It has been hard to miss that today is the 50th Anniversary of the launch of Sputnik. It is all over the news and Sputnik is such an icon that Google altered their header to commemorate the day. However, until a friend pointed it out, it never occurred to me that Sputnik shares this anniversary with a Canadian aviation icon. (It is funny how history can be, until everything is in context, it doesn't make complete sense...and sometimes it takes a while to put everything in context.)

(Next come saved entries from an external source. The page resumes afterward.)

lemma lagrange_remainder_bound:
  assumes m: "m \<in> {1..j}" and y: "\<bar>y - x m\<bar> \<le> 1"
    and P_at_nodes: "\<And>l. l \<in> {1..j} \<Longrightarrow> \<bar>poly P (x l)\<bar> \<le> \<epsilon>"
  defines "B \<equiv> (1 + 2 * (\<Sum>i=1..j. \<bar>x i\<bar>)) ^ j"
  shows "\<bar>\<Sum>l\<in>{1..j} - {m}. poly P (x l) * poly (node_poly x ({1..j} - {l, m})) y
                           / poly (node_poly x ({1..j} - {l})) (x l)\<bar>
         \<le> \<epsilon> * (\<Sum>l=1..j. B / \<bar>poly (node_poly x ({1..j} - {l})) (x l)\<bar>)"
proof -
  have x_le: "\<bar>x i\<bar> \<le> (\<Sum>i=1..j. \<bar>x i\<bar>)" if "i \<in> {1..j}" for i
    using that by (intro member_le_sum) auto
  have B_bound: "\<bar>poly (node_poly x ({1..j} - {l, m})) y\<bar> \<le> B" for l
    unfolding B_def
  proof (rule abs_poly_node_poly_le)
    show "\<bar>y - x i\<bar> \<le> 1 + 2 * (\<Sum>i=1..j. \<bar>x i\<bar>)" if "i \<in> {1..j} - {l, m}" for i
      using x_le[of i] x_le[OF m] that y by auto
    show "card ({1..j} - {l, m}) \<le> j" using card_mono[of "{1..j}" "{1..j} - {l, m}"] by auto
  qed (auto intro: sum_nonneg)
  have "0 \<le> \<epsilon>" using P_at_nodes[OF m] by linarith
  moreover have "0 \<le> B" using B_bound[of m] by linarith
  ultimately have terms_nonneg: "0 \<le> \<epsilon> * B / \<bar>poly (node_poly x ({1..j} - {l})) (x l)\<bar>" for l
    by simp
  have "\<bar>\<Sum>l\<in>{1..j} - {m}. poly P (x l) * poly (node_poly x ({1..j} - {l, m})) y
                           / poly (node_poly x ({1..j} - {l})) (x l)\<bar>
        \<le> (\<Sum>l\<in>{1..j} - {m}. \<epsilon> * B / \<bar>poly (node_poly x ({1..j} - {l})) (x l)\<bar>)"
  proof (rule order.trans[OF sum_abs sum_mono])
    fix l assume l: "l \<in> {1..j} - {m}"
    have "\<bar>poly P (x l)\<bar> * \<bar>poly (node_poly x ({1..j} - {l, m})) y\<bar> \<le> \<epsilon> * B"
      using P_at_nodes[of l] l B_bound[of l] \<open>0 \<le> \<epsilon>\<close> by (intro mult_mono) auto
    then show "\<bar>poly P (x l) * poly (node_poly x ({1..j} - {l, m})) y
                / poly (node_poly x ({1..j} - {l})) (x l)\<bar>
               \<le> \<epsilon> * B / \<bar>poly (node_poly x ({1..j} - {l})) (x l)\<bar>"
      by (simp add: abs_mult divide_right_mono)
  qed
  also have "\<dots> \<le> (\<Sum>l=1..j. \<epsilon> * B / \<bar>poly (node_poly x ({1..j} - {l})) (x l)\<bar>)"
    using terms_nonneg by (intro sum_mono2) auto
  finally show ?thesis by (simp add: sum_distrib_left)
qed

lemma monic_roots_within_radii:
  fixes x :: "nat \<Rightarrow> real"
  assumes dec: "\<And>a b. 1 \<le> a \<Longrightarrow> a < b \<Longrightarrow> b \<le> j \<Longrightarrow> x b < x a"
    and deg: "degree P = j" and monic: "lead_coeff P = 1"
    and P_at_nodes: "\<And>m. m \<in> {1..j} \<Longrightarrow> \<bar>poly P (x m)\<bar> \<le> a m"
  defines "c m \<equiv> \<bar>poly (node_poly x ({1..j} - {m})) (x m)\<bar>"
  defines "d m \<equiv> 4 * a m / c m"
  assumes a_pos: "\<And>m. m \<in> {1..j} \<Longrightarrow> 0 < a m"
    and L_close: "\<And>m y. m \<in> {1..j} \<Longrightarrow> \<bar>y - x m\<bar> \<le> d m \<Longrightarrow>
      \<bar>poly (node_poly x ({1..j} - {m})) y - poly (node_poly x ({1..j} - {m})) (x m)\<bar> \<le> c m / 4"
    and rest_small: "\<And>m y. m \<in> {1..j} \<Longrightarrow> \<bar>y - x m\<bar> \<le> d m \<Longrightarrow>
      \<bar>\<Sum>l\<in>{1..j} - {m}. poly P (x l) * poly (node_poly x ({1..j} - {l, m})) y
                          / poly (node_poly x ({1..j} - {l})) (x l)\<bar> \<le> c m / 4"
    and separated: "\<And>a b. 1 \<le> a \<Longrightarrow> a < b \<Longrightarrow> b \<le> j \<Longrightarrow> d a + d b < x a - x b"
    and k: "k \<in> {1..j}"
  shows "\<bar>rev (sorted_list_of_set {r. poly P r = 0}) ! (k - 1) - x k\<bar> < d k"
proof (rule kth_largest_root_near[OF _ deg _ _ _ k])
  show "P \<noteq> 0" using monic by auto
  have inj: "inj_on x {1..j}"
    by (intro inj_onI) (metis atLeastAtMost_iff dec less_irrefl linorder_neqE_nat)
  have c_pos: "0 < c m" if "m \<in> {1..j}" for m
  proof -
    have "poly (node_poly x ({1..j} - {m})) (x m) \<noteq> 0"
      using that inj by (intro node_poly_nonzero) (auto dest: inj_onD)
    then show ?thesis by (simp add: c_def)
  qed
  then show d_pos: "0 < d m" if "m \<in> {1..j}" for m
    using a_pos[OF that] that by (simp add: d_def)
  show "poly P (x m - d m) * poly P (x m + d m) < 0" if m: "m \<in> {1..j}" for m
  proof (rule monic_sign_change_near_node[OF inj deg monic m d_pos[OF m]])
    have "d m * \<bar>poly (node_poly x ({1..j} - {m})) (x m)\<bar> = 4 * a m"
      using c_pos[OF m] by (simp add: d_def c_def)
    then show "5/2 * \<bar>poly P (x m)\<bar> < d m * \<bar>poly (node_poly x ({1..j} - {m})) (x m)\<bar>"
      using P_at_nodes[OF m] a_pos[OF m] by linarith
  qed (use L_close[OF m] rest_small[OF m] in \<open>simp_all add: c_def\<close>)
  show "x b + d b < x a - d a" if "1 \<le> a" "a < b" "b \<le> j" for a b
    using separated[OF that] by simp
qed

lemma radius_around_nodes:
  fixes x :: "nat \<Rightarrow> real"
  assumes dec: "\<And>a b. 1 \<le> a \<Longrightarrow> a < b \<Longrightarrow> b \<le> j \<Longrightarrow> x b < x a"
  obtains \<delta> where "0 < \<delta>" and "\<delta> \<le> 1"
    and "\<And>m y. m \<in> {1..j} \<Longrightarrow> \<bar>y - x m\<bar> \<le> \<delta> \<Longrightarrow>
      \<bar>poly (node_poly x ({1..j} - {m})) y - poly (node_poly x ({1..j} - {m})) (x m)\<bar>
        \<le> \<bar>poly (node_poly x ({1..j} - {m})) (x m)\<bar> / 4"
    and "\<And>a b. 1 \<le> a \<Longrightarrow> a < b \<Longrightarrow> b \<le> j \<Longrightarrow> 3 * \<delta> \<le> x a - x b"
proof -
  let ?L = "\<lambda>m. node_poly x ({1..j} - {m})"
  have inj: "inj_on x {1..j}"
    by (intro inj_onI) (metis atLeastAtMost_iff dec less_irrefl linorder_neqE_nat)
  have "\<forall>m\<in>{1..j}. \<exists>\<delta>>0. \<forall>y. \<bar>y - x m\<bar> \<le> \<delta> \<longrightarrow>
      \<bar>poly (?L m) y - poly (?L m) (x m)\<bar> \<le> \<bar>poly (?L m) (x m)\<bar> / 4"
  proof
    fix m assume "m \<in> {1..j}"
    then have "poly (?L m) (x m) \<noteq> 0"
      using inj by (intro node_poly_nonzero) (auto dest: inj_onD)
    then show "\<exists>\<delta>>0. \<forall>y. \<bar>y - x m\<bar> \<le> \<delta> \<longrightarrow>
        \<bar>poly (?L m) y - poly (?L m) (x m)\<bar> \<le> \<bar>poly (?L m) (x m)\<bar> / 4"
      by (intro poly_continuity_radius) simp
  qed
  then obtain \<delta>c where \<delta>c: "\<And>m. m \<in> {1..j} \<Longrightarrow> 0 < \<delta>c m \<and> (\<forall>y. \<bar>y - x m\<bar> \<le> \<delta>c m \<longrightarrow>
      \<bar>poly (?L m) y - poly (?L m) (x m)\<bar> \<le> \<bar>poly (?L m) (x m)\<bar> / 4)"
    by metis
  obtain \<delta>1 where "0 < \<delta>1" and \<delta>1: "\<And>m. m \<in> {1..j} \<Longrightarrow> \<delta>1 \<le> \<delta>c m"
    using finite_pos_lower_bound[of "{1..j}" \<delta>c] \<delta>c by auto
  have "finite {(a, b). 1 \<le> a \<and> a < b \<and> b \<le> j}"
    by (rule finite_subset[of _ "{1..j} \<times> {1..j}"]) auto
  then have "\<exists>\<delta>>0. \<forall>ab\<in>{(a, b). 1 \<le> a \<and> a < b \<and> b \<le> j}. \<delta> \<le> (x (fst ab) - x (snd ab)) / 3"
    using dec by (intro finite_pos_lower_bound) auto
  then obtain \<delta>2 where "0 < \<delta>2"
    and \<delta>2: "\<And>a b. 1 \<le> a \<Longrightarrow> a < b \<Longrightarrow> b \<le> j \<Longrightarrow> 3 * \<delta>2 \<le> x a - x b"
    by fastforce
  show thesis
  proof (rule that[of "min 1 (min \<delta>1 \<delta>2)"])
    show "\<bar>poly (?L m) y - poly (?L m) (x m)\<bar> \<le> \<bar>poly (?L m) (x m)\<bar> / 4"
      if "m \<in> {1..j}" "\<bar>y - x m\<bar> \<le> min 1 (min \<delta>1 \<delta>2)" for m y
      using \<delta>c[OF that(1)] \<delta>1[OF that(1)] that(2) by auto
    show "3 * min 1 (min \<delta>1 \<delta>2) \<le> x a - x b" if "1 \<le> a" "a < b" "b \<le> j" for a b
      using \<delta>2[OF that] \<open>0 < \<delta>2\<close> by linarith
  qed (use \<open>0 < \<delta>1\<close> \<open>0 < \<delta>2\<close> in auto)
qed

lemma monic_roots_near_nodes:
  fixes x :: "nat \<Rightarrow> real"
  assumes dec: "\<And>a b. 1 \<le> a \<Longrightarrow> a < b \<Longrightarrow> b \<le> j \<Longrightarrow> x b < x a"
  obtains \<epsilon> where "0 < \<epsilon>"
    and "\<And>P a k. degree P = j \<Longrightarrow> lead_coeff P = 1 \<Longrightarrow>
          (\<And>m. m \<in> {1..j} \<Longrightarrow> \<bar>poly P (x m)\<bar> \<le> a m) \<Longrightarrow>
          (\<And>m. m \<in> {1..j} \<Longrightarrow> 0 < a m \<and> a m \<le> \<epsilon>) \<Longrightarrow> k \<in> {1..j} \<Longrightarrow>
          \<bar>rev (sorted_list_of_set {r. poly P r = 0}) ! (k - 1) - x k\<bar>
            < 4 * a k / \<bar>poly (node_poly x ({1..j} - {k})) (x k)\<bar>"
proof (rule radius_around_nodes[where j = j and x = x, OF dec])
  let ?L = "\<lambda>m. node_poly x ({1..j} - {m})"
  let ?c = "\<lambda>m. \<bar>poly (node_poly x ({1..j} - {m})) (x m)\<bar>"
  fix \<delta> :: real
  assume "0 < \<delta>" and "\<delta> \<le> 1"
    and L_close: "\<And>m y. m \<in> {1..j} \<Longrightarrow> \<bar>y - x m\<bar> \<le> \<delta> \<Longrightarrow>
      \<bar>poly (?L m) y - poly (?L m) (x m)\<bar> \<le> ?c m / 4"
    and separated: "\<And>a b. 1 \<le> a \<Longrightarrow> a < b \<Longrightarrow> b \<le> j \<Longrightarrow> 3 * \<delta> \<le> x a - x b"
  have inj: "inj_on x {1..j}"
    by (intro inj_onI) (metis atLeastAtMost_iff dec less_irrefl linorder_neqE_nat)
  have c_pos: "0 < ?c m" if "m \<in> {1..j}" for m
    using that inj by (simp, intro node_poly_nonzero) (auto dest: inj_onD)
  define B where "B = (1 + 2 * (\<Sum>i=1..j. \<bar>x i\<bar>)) ^ j"
  define S where "S = (\<Sum>l=1..j. B / ?c l)"
  have "0 \<le> B" unfolding B_def by (simp add: sum_nonneg)
  then have "0 \<le> S" unfolding S_def using c_pos by (auto intro!: sum_nonneg divide_nonneg_pos)
  obtain \<epsilon> where "0 < \<epsilon>"
    and \<epsilon>: "\<And>m. m \<in> {1..j} \<Longrightarrow> \<epsilon> \<le> min (\<delta> * ?c m / 4) (?c m / (4 * (S + 1)))"
    using finite_pos_lower_bound[of "{1..j}" "\<lambda>m. min (\<delta> * ?c m / 4) (?c m / (4 * (S + 1)))"]
      c_pos \<open>0 < \<delta>\<close> \<open>0 \<le> S\<close> by auto
  show thesis
  proof (rule that[OF \<open>0 < \<epsilon>\<close>])
    fix P a k
    assume deg: "degree P = j" and monic: "lead_coeff P = 1" and k: "k \<in> {1..j}"
      and P_at_nodes: "\<And>m. m \<in> {1..j} \<Longrightarrow> \<bar>poly P (x m)\<bar> \<le> a m"
      and a: "\<And>m. m \<in> {1..j} \<Longrightarrow> 0 < a m \<and> a m \<le> \<epsilon>"
    have d_le: "4 * a m / ?c m \<le> \<delta>" if "m \<in> {1..j}" for m
      using a[OF that] \<epsilon>[OF that] c_pos[OF that] by (simp add: field_simps)
    have P_small: "\<bar>poly P (x l)\<bar> \<le> \<epsilon>" if "l \<in> {1..j}" for l
      using P_at_nodes[OF that] a[OF that] by linarith
    show "\<bar>rev (sorted_list_of_set {r. poly P r = 0}) ! (k - 1) - x k\<bar>
            < 4 * a k / \<bar>poly (node_poly x ({1..j} - {k})) (x k)\<bar>"
    proof (rule monic_roots_within_radii[OF dec deg monic P_at_nodes _ _ _ _ k])
      show "\<bar>poly (?L m) y - poly (?L m) (x m)\<bar> \<le> ?c m / 4"
        if "m \<in> {1..j}" "\<bar>y - x m\<bar> \<le> 4 * a m / ?c m" for m y
        using L_close[OF that(1)] d_le[OF that(1)] that(2) by simp
      show "\<bar>\<Sum>l\<in>{1..j} - {m}. poly P (x l) * poly (node_poly x ({1..j} - {l, m})) y
                                / poly (?L l) (x l)\<bar> \<le> ?c m / 4"
        if "m \<in> {1..j}" "\<bar>y - x m\<bar> \<le> 4 * a m / ?c m" for m y
      proof -
        have "\<bar>y - x m\<bar> \<le> 1" using that d_le[OF that(1)] \<open>\<delta> \<le> 1\<close> by simp
        then have "\<bar>\<Sum>l\<in>{1..j} - {m}. poly P (x l) * poly (node_poly x ({1..j} - {l, m})) y
                                / poly (?L l) (x l)\<bar> \<le> \<epsilon> * S"
          using lagrange_remainder_bound[OF that(1) _ P_small] by (simp add: B_def S_def)
        also have "\<dots> \<le> ?c m / (4 * (S + 1)) * (S + 1)"
          using \<epsilon>[OF that(1)] \<open>0 \<le> S\<close> \<open>0 < \<epsilon>\<close> by (intro mult_mono) auto
        also have "\<dots> = ?c m / 4" using \<open>0 \<le> S\<close> by (simp add: field_simps)
        finally show ?thesis .
      qed
      show "4 * a a' / ?c a' + 4 * a b / ?c b < x a' - x b" if "1 \<le> a'" "a' < b" "b \<le> j" for a' b
        using d_le[of a'] d_le[of b] separated[OF that] that \<open>0 < \<delta>\<close> by auto
    qed (use a in auto)
  qed
qed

On October 4, 1957, Avro Canada rolled out the Arrow prototype to the shock and awe of VIPs, politicians, media and plant staff. While the first flight of the Arrow in March 1958 probably was the high point of Canadian aviation history, the roll out was a big step in the right direction. Canada was near the top of heap in aviation technology. Sadly, that didn't last and with the cancellation of the Arrow on "Black Friday" (February 20, 1959) the Canadian aviation industry was dealt a blow it has never recovered from. While Canadair and DeHavilland would design and build some nice civil aircraft over the years, never would a Canadian aviation maker scale the heights of a high performance military fighter. While, the Arrow has become an icon in Canada, especially among aviation fans, it is little remembered to the rest of the world. Sputnik will never be forgotten worldwide for igniting the space race and freezing the cold war just a little bit.
The Arrow was a beautiful aircraft that was probably ahead of its time. The Canadian AF is cutting back to the point where soon there will not only be no Canadian military avation industry, but no Canadian military avation period. The recent purchase of the C-17 is the only bright spot in a recent history of cutbacks. Very sad.